And no, I can't change to kernel 6.2 because there the Wake-on-LAN is not working
Greetings
Harvey
Linux is like a wigwam: No Gates, no Windows and an Apache inside
Offline
Mär 15 23:15:30 nullnullsix kernel: e1000e 0000:04:00.0: Unable to change power state from D3cold to D0, device inaccessible
Does cold ./. warm boot matter?
Does the device show up and behave correctly on a rescan?
(eg. https://stackoverflow.com/questions/323 … f-pcie-bus )
Offline
Seth,
first, thanks for your input!
Mär 15 23:15:30 nullnullsix kernel: e1000e 0000:04:00.0: Unable to change power state from D3cold to D0, device inaccessible
Does cold ./. warm boot matter?
No. Had it after cold boot as well as after a reboot. I turns up sporadically without any rule afaict.
Does the device show up and behave correctly on a rescan?
(eg. https://stackoverflow.com/questions/323 … f-pcie-bus )
Will have to wait for the next failure to test that. But that is a good point to try.
At some point I had the suspicion that it could be the BMC sharing the same network port with 'normal' LAN. Will have to connect an additional network cable next time I am present at the server to rule that out. But why did it work then with pre-6 kernels...
Greetings
Harvey
Linux is like a wigwam: No Gates, no Windows and an Apache inside
Offline
Okay, today it did fail again.

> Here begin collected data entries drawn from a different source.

lemma delete_side_vertex:
  assumes adm: "admissible X Y E" and s: "s \<in> X"
  shows "gamma_t (V - {s}) (del_vertex_edges E s) < 4"
proof -
  obtain t where t: "t \<in> Y" "\<not> E s t" and
    alt: "(\<forall>x \<in> X. x \<noteq> s \<longrightarrow> E x t) \<or>
       (\<exists>q \<in> X. q \<noteq> s \<and> \<not> E s q \<and> E q t \<and> (\<forall>x \<in> X. x \<noteq> s \<longrightarrow> E x t \<or> E x q))"
    using admissible_deletion[OF adm s] unfolding deletion_witness_def by blast
  have ts: "t \<noteq> s" using t s side_not_both by blast
  from alt show ?thesis
  proof
    assume "\<forall>x \<in> X. x \<noteq> s \<longrightarrow> E x t"
    then show ?thesis
      by (intro gamma_t_delete_lt_4[of "{b, c, t}"] card_le_3)
        (use t s ts sides_in_V in \<open>auto simp: ball_V\<close>)
  next
    assume "\<exists>q \<in> X. q \<noteq> s \<and> \<not> E s q \<and> E q t \<and> (\<forall>x \<in> X. x \<noteq> s \<longrightarrow> E x t \<or> E x q)"
    then obtain q where q: "q \<in> X" "q \<noteq> s" "E q t" "\<forall>x \<in> X. x \<noteq> s \<longrightarrow> E x t \<or> E x q" by blast
    show ?thesis
      by (intro gamma_t_delete_lt_4[of "{b, t, q}"] card_le_3)
        (use t s ts q sides_in_V in \<open>auto simp: ball_V\<close>)
  qed
qed

lemma delete_vertex:
  assumes "admissible X Y E" "admissible Y X E" and x: "x \<in> X" and y: "y \<in> Y" and w: "w \<in> V"
  shows "gamma_t (V - {w}) (del_vertex_edges E w) < 4"
  using w
proof (cases rule: in_V_cases)
  case 1 then show ?thesis
    by (intro gamma_t_delete_lt_4[of "{a, c, b}"] card_le_3) (use sides_in_V in \<open>auto simp: ball_V\<close>)
next
  case 2 then show ?thesis
    by (intro gamma_t_delete_lt_4[of "{b, y, v}"] card_le_3) (use y sides_in_V in \<open>auto simp: ball_V\<close>)
next
  case 3 then show ?thesis
    by (intro gamma_t_delete_lt_4[of "{a, x, v}"] card_le_3) (use x sides_in_V in \<open>auto simp: ball_V\<close>)
next
  case 4 then show ?thesis
    by (intro gamma_t_delete_lt_4[of "{v, x, y}"] card_le_3) (use x y sides_in_V in \<open>auto simp: ball_V\<close>)
next
  case 5 then show ?thesis using delete_side_vertex[OF assms(1)] by blast
next
  case 6 then show ?thesis using skeleton.delete_side_vertex[OF swap assms(2)] by blast
qed

lemma card_V: "card V = card (X \<union> Y) + 4"
proof -
  have "V = {v, a, b, c} \<union> (X \<union> Y)" using vertices by auto
  moreover have "card {v, a, b, c} = 4" by simp
  ultimately show ?thesis
    using card_Un_disjoint[of "{v, a, b, c}" "X \<union> Y"] finite_sides hub_outside by simp
qed

lemma degree_v: "degree V E v = card (X \<union> Y)"
proof -
  have "{w \<in> V. E v w} = X \<union> Y" using sides_in_V by auto
  then show ?thesis unfolding degree_def by simp
qed

text \<open>A side vertex u \<in> X sees v and a, and misses itself and some t \<in> Y inside X \<union> Y;
  so its degree lies between 2 and |X \<union> Y| = deg v.\<close>

lemma side_degree:
  assumes adm: "admissible X Y E" and u: "u \<in> X"
  shows "2 \<le> degree V E u \<and> degree V E u \<le> card (X \<union> Y)"
proof -
  obtain t where t: "t \<in> Y" "\<not> E u t" using admissible_non_neighbour[OF adm u] by blast
  have ut: "u \<noteq> t" using u t side_not_both by blast
  have fin: "finite (X \<union> Y)" using finite_sides by blast
  have two: "card {u, t} = 2" "card {u, t} \<le> card (X \<union> Y)"
    using ut by simp (use u t fin in \<open>intro card_mono, auto\<close>)
  have "{w \<in> V. E u w} \<subseteq> {v, a} \<union> (X \<union> Y - {u, t})"
    using u t side_not_both by (auto simp: vertices)
  then have "degree V E u \<le> card ({v, a} \<union> (X \<union> Y - {u, t}))"
    unfolding degree_def using fin by (intro card_mono) auto
  also have "\<dots> \<le> card {v, a} + card (X \<union> Y - {u, t})"
    by (rule card_Un_le)
  also have "\<dots> = card (X \<union> Y)"
    using card_Diff_subset[of "{u, t}" "X \<union> Y"] two u t by simp
  finally have upper: "degree V E u \<le> card (X \<union> Y)" .
  have "{v, a} \<subseteq> {w \<in> V. E u w}" using u sides_in_V by auto
  then have "card {v, a} \<le> degree V E u"
    unfolding degree_def using finite_V by (intro card_mono) auto
  then show ?thesis using upper by simp
qed

lemma degree_bounds:
  assumes "admissible X Y E" "admissible Y X E" "X \<noteq> {}" "Y \<noteq> {}" and w: "w \<in> V"
  shows "2 \<le> degree V E w \<and> degree V E w \<le> card (X \<union> Y)"
proof -
  have cXY: "card (X \<union> Y) = card X + card Y"
    using card_Un_disjoint finite_sides sides_disjoint by blast
  have ne: "1 \<le> card X" "1 \<le> card Y"
    using assms(3,4) finite_sides by (auto simp: Suc_le_eq card_gt_0_iff)
  from w show ?thesis
  proof (cases rule: in_V_cases)
    case 1 then show ?thesis using degree_v cXY ne by simp
  next
    case 2
    have "{w \<in> V. E a w} = insert c X" using sides_in_V by auto
    then show ?thesis using 2 cXY ne finite_sides unfolding degree_def by simp
  next
    case 3
    have "{w \<in> V. E b w} = insert c Y" using sides_in_V by auto
    then show ?thesis using 3 cXY ne finite_sides unfolding degree_def by simp
  next
    case 4
    have "{w \<in> V. E c w} = {a, b}" using sides_in_V by auto
    then show ?thesis using 4 cXY ne unfolding degree_def by simp
  next
    case 5 then show ?thesis using side_degree[OF assms(1)] by blast
  next
    case 6 then show ?thesis
      using skeleton.side_degree[OF swap assms(2)] by (simp add: Un_commute)
  qed
qed

theorem extremal:
  assumes adm: "admissible X Y E" "admissible Y X E" and ne: "X \<noteq> {}" "Y \<noteq> {}"
  shows "m_gamma_t_critical 4 V E \<and> card V = max_degree V E + 4
    \<and> max_degree V E = card (X \<union> Y) \<and> 2 \<le> min_degree V E"
proof -
  obtain x y where xy: "x \<in> X" "y \<in> Y" using ne by blast
  note deg = degree_bounds[OF adm ne]
  have max: "max_degree V E = card (X \<union> Y)"
    unfolding max_degree_def
    using deg degree_v sides_in_V finite_V by (intro Max_eqI) force+
  have min: "2 \<le> min_degree V E"
    unfolding min_degree_def using deg finite_V sides_in_V by (subst Min_ge_iff) auto
  have no_isolated: "no_isolated V E"
    unfolding no_isolated_def
  proof
    fix w assume "w \<in> V"
    then have "{u \<in> V. E w u} \<noteq> {}" using deg[of w] unfolding degree_def by (intro notI) simp
    then show "\<exists>u \<in> V. E w u" by blast
  qed
  have "gamma_t_critical V E"
    unfolding gamma_t_critical_def
    using no_isolated delete_vertex[OF adm xy] gamma_t_eq_4[OF adm xy] by simp
  then show ?thesis
    unfolding m_gamma_t_critical_def using gamma_t_eq_4[OF adm xy] max min card_V by simp
qed

end

text \<open>In a 4-critical graph without leaves every vertex x has a critical set: at most
  three vertices, none adjacent to x, totally dominating G - x (a neighbour of x in it would
  make it a total dominating set of G).\<close>

definition critical_sets :: "nat set \<Rightarrow> (nat \<Rightarrow> nat \<Rightarrow> bool) \<Rightarrow> bool" where
  "critical_sets V E \<longleftrightarrow> (\<forall>x \<in> V. \<exists>S. S \<subseteq> V - {x} \<and> card S \<le> 3 \<and>
     (\<forall>w \<in> V - {x}. \<exists>u \<in> S. E w u) \<and> (\<forall>u \<in> S. \<not> E x u))"

lemma neighbour_other_than:
  assumes "2 \<le> degree V E w"
  obtains u where "u \<in> V" "E w u" "u \<noteq> x"
proof -
  have "\<not> {u \<in> V. E w u} \<subseteq> {x}"
    using assms card_mono[of "{x}" "{u \<in> V. E w u}"] unfolding degree_def by fastforce
  then show ?thesis using that by blast
qed

lemma critical_necessary:
  assumes crit: "m_gamma_t_critical 4 V E"
    and min_deg: "\<And>u. u \<in> V \<Longrightarrow> 2 \<le> degree V E u"
  shows "\<And>S. total_dominating V E S \<Longrightarrow> 4 \<le> card S" and "critical_sets V E"
proof -
  have g4: "gamma_t V E = 4" and gc: "gamma_t_critical V E"
    using crit unfolding m_gamma_t_critical_def by blast+
  show no_small: "4 \<le> card S" if "total_dominating V E S" for S
    using gamma_t_le[OF that] g4 by simp
  show "critical_sets V E"
    unfolding critical_sets_def
  proof
    fix x assume xV: "x \<in> V"
    have "\<not> (\<exists>u. E x u \<and> is_leaf V E u)"
      using min_deg unfolding is_leaf_def by fastforce
    then have lt: "gamma_t (V - {x}) (del_vertex_edges E x) < 4"
      using gc xV g4 unfolding gamma_t_critical_def by auto
    have "total_dominating (V - {x}) (del_vertex_edges E x) (V - {x})"
      unfolding total_dominating_def del_vertex_edges_def
    proof (intro conjI ballI subset_refl)
      fix w assume w: "w \<in> V - {x}"
      obtain u where "u \<in> V" "E w u" "u \<noteq> x" using neighbour_other_than min_deg w by blast
      then show "\<exists>u \<in> V - {x}. E w u \<and> w \<noteq> x \<and> u \<noteq> x" using w by auto
    qed
    then obtain S where S: "total_dominating (V - {x}) (del_vertex_edges E x) S"
      "card S = gamma_t (V - {x}) (del_vertex_edges E x)"
      using gamma_t_witness by blast
    have sub: "S \<subseteq> V - {x}" and dom: "\<forall>w \<in> V - {x}. \<exists>u \<in> S. E w u"
      using S(1) unfolding total_dominating_def del_vertex_edges_def by blast+
    have card: "card S \<le> 3" using S(2) lt by linarith
    have "\<forall>u \<in> S. \<not> E x u"
    proof (rule ccontr)
      assume "\<not> (\<forall>u \<in> S. \<not> E x u)"
      then obtain u0 where "u0 \<in> S" "E x u0" by blast
      then have "total_dominating V E S"
        using sub dom unfolding total_dominating_def by blast
      then show False using no_small card by fastforce
    qed
    then show "\<exists>S. S \<subseteq> V - {x} \<and> card S \<le> 3 \<and> (\<forall>w \<in> V - {x}. \<exists>u \<in> S. E w u) \<and> (\<forall>u \<in> S. \<not> E x u)"
      using sub card dom by blast
  qed
qed

locale extremal_setting =
  fixes V :: "nat set" and E :: "nat \<Rightarrow> nat \<Rightarrow> bool" and v :: nat
  assumes graph: "simple_graph V E"
    and no_small_tds: "\<And>S. total_dominating V E S \<Longrightarrow> 4 \<le> card S"
    and crit_sets: "critical_sets V E"
    and min_deg: "\<And>u. u \<in> V \<Longrightarrow> 2 \<le> degree V E u"
    and hub: "v \<in> V"
    and order: "card V = degree V E v + 4"
    and hub_degree: "1 \<le> degree V E v"
begin

definition N :: "nat set" where "N = {u \<in> V. E v u}"
definition A :: "nat set" where "A = V - N - {v}"

lemma sym: "E x y \<Longrightarrow> E y x" and irrefl [simp]: "\<not> E x x"
  and edge_in_V: "E x y \<Longrightarrow> x \<in> V \<and> y \<in> V" and finite_V: "finite V"
  using graph unfolding simple_graph_def by blast+

lemma in_N: "u \<in> N \<longleftrightarrow> E v u"
  unfolding N_def using edge_in_V by auto

lemma N_in_V: "u \<in> N \<Longrightarrow> u \<in> V \<and> u \<noteq> v"
  unfolding N_def by auto

lemma degree_hub: "degree V E v = card N"
  unfolding N_def degree_def ..

lemma in_A: "w \<in> A \<longleftrightarrow> w \<in> V \<and> \<not> E v w \<and> w \<noteq> v"
  unfolding A_def N_def by auto

lemma V_split: "V = {v} \<union> N \<union> A"
  unfolding A_def N_def using hub by auto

So I logged into the machine using IPMI console and it looks like the network devices do show up on the PCI bus:
[root@nullnullsix ~]# lspci | grep Ethernet
04:00.0 Ethernet controller: Intel Corporation 82574L Gigabit Network Connection
05:00.0 Ethernet controller: Intel Corporation 82574L Gigabit Network Connection
Hence rescanning the pci bus is not the way to go I think..
Nevertheless I did try
echo 1 > /sys/bus/pci/rescan
without any changes.
But the second network interface seems to be functional (no cable connected here)
[root@nullnullsix ~]# ip addr show
1: lo: <LOOPBACK,UP,LOWER_UP> mtu 65536 qdisc noqueue state UNKNOWN group default qlen 1000
link/loopback 00:00:00:00:00:00 brd 00:00:00:00:00:00
inet 127.0.0.1/8 scope host lo
valid_lft forever preferred_lft forever
inet6 ::1/128 scope host
valid_lft forever preferred_lft forever
2: enp5s0: <NO-CARRIER,BROADCAST,MULTICAST,UP> mtu 1500 qdisc fq_codel state DOWN group default qlen 1000
link/ether 00:25:90:09:bb:41 brd ff:ff:ff:ff:ff:ff
Note that enp4s0 is missing...
I get a strong feeling that this could be related to the IPMI device and the 'normal' interface sharing the same pysical interface. I will try to give the IPMI a dedicated network interface and cable and see if the problem persists... Weird
Linux is like a wigwam: No Gates, no Windows and an Apache inside
Offline